Bukavu: en grève, le personnel soignant de la prison centrale dénonce le manque des outils de travail

Le personnel soignant de la prison centrale de Bukavu vient de déclencher une grève sèche. Cette grève consiste à arrêter toutes les prestations des soins au profit des détenus mais aussi toute autre intervention sanitaire dans cette maison carcérale.

L’objectif est de dénoncer les mauvaises conditions dans lesquelles ils sont obligés de travailler mais aussi les ruptures intempestives en médicaments et matérielles de prise en charge des détenus malades.

Selon ces médecins et infirmiers, c’est depuis la fin de l’année 2018 que le Comité International de la Croix Rouge s’est désengagé dans l’approvisionnement des intrants médicaux au sein de cette prison et le gouvernement en a été informé.

Ils regrettent de voir que depuis ce désengagement, le gouvernement n’a jamais fourni une quelconque assistance en médicaments, en matériels nécessaires et encore moins en nourriture pour assurer la bonne santé des détenus.

Au chapitre des conséquences, le personnel soignant de la prison centrale de Bukavu note plus de 45 détenus décédés depuis janvier 2019, 325 cas de malnutrition, 13 cas de VIH Sida et 23 cas de tuberculose.

Ces agents regrettent également le fait que même des cas qui devraient être traités à l’intérieur de la prison sont référés à l’hôpital provincial pourtant ici aussi ils ne sont pas soignés faute de moyens financiers et parfois ils en profitent pour s’évader.

Le Médecin chef de Staff à la Prison Centrale de Bukavu Dr Muhindo Musimwa Pamela demande aux autorités d’intervenir dans l’urgence pour décanter la situation.

« c’est depuis presque une année que l’Etat n’approvisionne pas la prison centrale de Bukavu en médicaments et/ou en matériels nécessaires pour les soins de santé. Le CICR a annoncé depuis longtemps qu’il allait se désengager mais l’Etat congolais n’a rien fait de concret surtout pour le Sud-Kivu et particulièrement la prison centrale de Bukavu. Pourtant, les détenus sont des citoyens comme nous et ont des droits autant que nous qui sommes en liberté. La loi leur reconnait le droit d’être soignés et nourris gratuitement.

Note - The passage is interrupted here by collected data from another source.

lemma emeasure_UN_countable_le:
  assumes I: "countable I" and X: "\<And>i. i \<in> I \<Longrightarrow> X i \<in> sets M"
  shows "emeasure M (\<Union>i\<in>I. X i) \<le> (\<integral>\<^sup>+i. emeasure M (X i) \<partial>count_space I)"
proof -
  have "emeasure M (\<Union>i\<in>I. X i) = (\<integral>\<^sup>+x. indicator (\<Union>i\<in>I. X i) x \<partial>M)"
    using I X by (intro nn_integral_indicator[symmetric] sets.countable_UN') auto
  also have "\<dots> \<le> (\<integral>\<^sup>+x. (\<integral>\<^sup>+i. indicator (X i) x \<partial>count_space I) \<partial>M)"
  proof (intro nn_integral_mono)
    fix x
    show "indicator (\<Union>i\<in>I. X i) x \<le> (\<integral>\<^sup>+i. indicator (X i) x \<partial>count_space I)"
    proof (cases "x \<in> (\<Union>i\<in>I. X i)")
      case True
      then obtain j where "j \<in> I" "x \<in> X j"
        by blast
      then have "indicator (\<Union>i\<in>I. X i) x = (indicator (X j) x :: ennreal)"
        by (auto simp: indicator_def)
      also have "\<dots> \<le> (\<integral>\<^sup>+i. indicator (X i) x \<partial>count_space I)"
        by (rule nn_integral_ge_point[OF \<open>j \<in> I\<close>])
      finally show ?thesis .
    qed simp
  qed
  also have "\<dots> = (\<integral>\<^sup>+i. emeasure M (X i) \<partial>count_space I)"
    using X by (subst nn_integral_count_space_nn_integral[OF I]) (auto intro!: nn_integral_cong)
  finally show ?thesis .
qed

context
  fixes M :: "'a::euclidean_space measure"
  assumes sets_M: "sets M = sets borel"
    and emeasure_M_cball: "\<And>c r. 0 < r \<Longrightarrow> emeasure M (cball c r) = emeasure lborel (cball c r)"
begin

text \<open>By the Vitali lemma, countably many disjoint balls inside \<open>U\<close>, enlarged five times, cover \<open>N\<close>.\<close>

lemma emeasure_le_lborel_open_superset:
  assumes U: "open U" "N \<subseteq> U"
  shows "emeasure M N \<le> ennreal (5 ^ DIM('a)) * emeasure lborel U"
proof -
  obtain r where r: "\<And>x. x \<in> N \<Longrightarrow> 0 < r x \<and> r x \<le> 1 \<and> cball x (r x) \<subseteq> U"
  proof -
    have "\<forall>x\<in>N. \<exists>r>0. cball x r \<subseteq> U"
      using U open_contains_cball by blast
    then obtain r where "\<And>x. x \<in> N \<Longrightarrow> r x > 0 \<and> cball x (r x) \<subseteq> U"
      by metis
    then show ?thesis
      by (intro that[of "\<lambda>x. min 1 (r x)"]) force
  qed
  obtain C where C: "countable C" "C \<subseteq> N"
    "pairwise (\<lambda>i j. disjnt (cball i (r i)) (cball j (r j))) C"
    "N \<subseteq> (\<Union>i\<in>C. cball i (5 * r i))"
    using Vitali_covering_lemma_cballs[where S = N and K = N and a = "\<lambda>x. x" and r = r and B = 1] r
    by force
  have "emeasure M N \<le> emeasure M (\<Union>i\<in>C. cball i (5 * r i))"
    using C sets_M by (intro emeasure_mono) (auto intro: sets.countable_UN')
  also have "\<dots> \<le> (\<integral>\<^sup>+i. emeasure M (cball i (5 * r i)) \<partial>count_space C)"
    using C sets_M by (intro emeasure_UN_countable_le) auto
  also have "\<dots> = (\<integral>\<^sup>+i. ennreal (5 ^ DIM('a)) * emeasure lborel (cball i (r i)) \<partial>count_space C)"
  proof (intro nn_integral_cong)
    fix i assume "i \<in> space (count_space C)"
    then have "0 < r i"
      using C(2) r by auto
    then show "emeasure M (cball i (5 * r i)) = ennreal (5 ^ DIM('a)) * emeasure lborel (cball i (r i))"
      by (simp add: emeasure_M_cball emeasure_cball_scale)
  qed
  also have "\<dots> = ennreal (5 ^ DIM('a)) * (\<integral>\<^sup>+i. emeasure lborel (cball i (r i)) \<partial>count_space C)"
    by (rule nn_integral_cmult) simp
  also have "(\<integral>\<^sup>+i. emeasure lborel (cball i (r i)) \<partial>count_space C) = emeasure lborel (\<Union>i\<in>C. cball i (r i))"
    using C(1,3) unfolding pairwise_def disjnt_def
    by (intro emeasure_UN_countable[symmetric]) (auto simp: disjoint_family_on_def)
  also have "emeasure lborel (\<Union>i\<in>C. cball i (r i)) \<le> emeasure lborel U"
  proof (rule emeasure_mono)
    show "(\<Union>i\<in>C. cball i (r i)) \<subseteq> U"
      using C(2) r by blast
  qed (simp add: U(1) borel_open)
  finally show ?thesis
    by (simp add: mult_left_mono)
qed

lemma emeasure_eq_0_if_lborel_null:
  assumes N: "N \<in> sets borel" and N0: "emeasure lborel N = 0"
  shows "emeasure M N = 0"
proof -
  have "emeasure M N \<le> ennreal e" if "e > 0" for e
  proof -
    obtain U where U: "open U" "N \<subseteq> U" "emeasure lebesgue (U - N) < ennreal (e / 5 ^ DIM('a))"
      using sets_lebesgue_outer_open[of N "e / 5 ^ DIM('a)"] N \<open>e > 0\<close> by auto
    have "emeasure lborel U \<le> emeasure lborel N + emeasure lborel (U - N)"
      using U N by (intro emeasure_subadditive[THEN order_trans[rotated]] emeasure_mono) auto
    then have "emeasure lborel U \<le> ennreal (e / 5 ^ DIM('a))"
      using U N N0 by simp
    then have "emeasure M N \<le> ennreal (5 ^ DIM('a)) * ennreal (e / 5 ^ DIM('a))"
      using emeasure_le_lborel_open_superset[OF U(1,2)] by (simp add: mult_left_mono order_trans)
    also have "\<dots> = ennreal e"
      using \<open>0 < e\<close> by (subst ennreal_mult[symmetric]) auto
    finally show ?thesis .
  qed
  then show ?thesis
    by (metis ennreal_le_epsilon add_0 le_zero_eq)
qed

Curieusement, notre pharmacie est aujourd’hui vide. Même un simple paracétamol, vous ne pouvez pas y trouver. Alors, nous avons décidé d’entrer en grève sèche parce que même si nous décidons un service minimum, nous n’avons rien à donner aux détenus malades. Aujourd’hui nous sommes devenus la risée de ces détenus car ils ne savent pas comprendre comment on peut leur dire que nous n’avons pas de solution à leurs problèmes. C’est une insécurité pour nous. Nous voulons que l’Etat intervienne le plus tôt possible. En plus de cela, nous aussi on a droit à une prime spéciale conformément à la loi mais cela n’arrive jamais pourtant dans d’autres provinces, nos confrères en bénéficient en bonne et due forme… », déclare Dr Muhindo Musimwa Pamela.

Elle précise que le personnel soignant de la prison centrale de Bukavu pourrait assurer un service minimum mais la pharmacie est vide depuis plusieurs mois. Dr Pamela Musimwa promet toutefois d’intervenir pour sauver la vie des détenus en situation d’urgence.

Pour sa part, le Directeur de la Prison Centrale de Bukavu José Ntumba estime que les revendications du personnel soignant sont fondées mais la procédure utilisée pour le faire n’est pas appropriée. C’est ainsi qu’il affirme n’est pas être saisi de cette grève.

Signalons que le Prison Centrale de Bukavu compte actuellement 1 849 détenus parmi lesquels 52 femmes, 14 nourrissons et 48 mineures dont 2 filles et 46 garçons.

Son personnel soignant est constitué de 18 agents parmi lesquels des infirmiers et des médecins.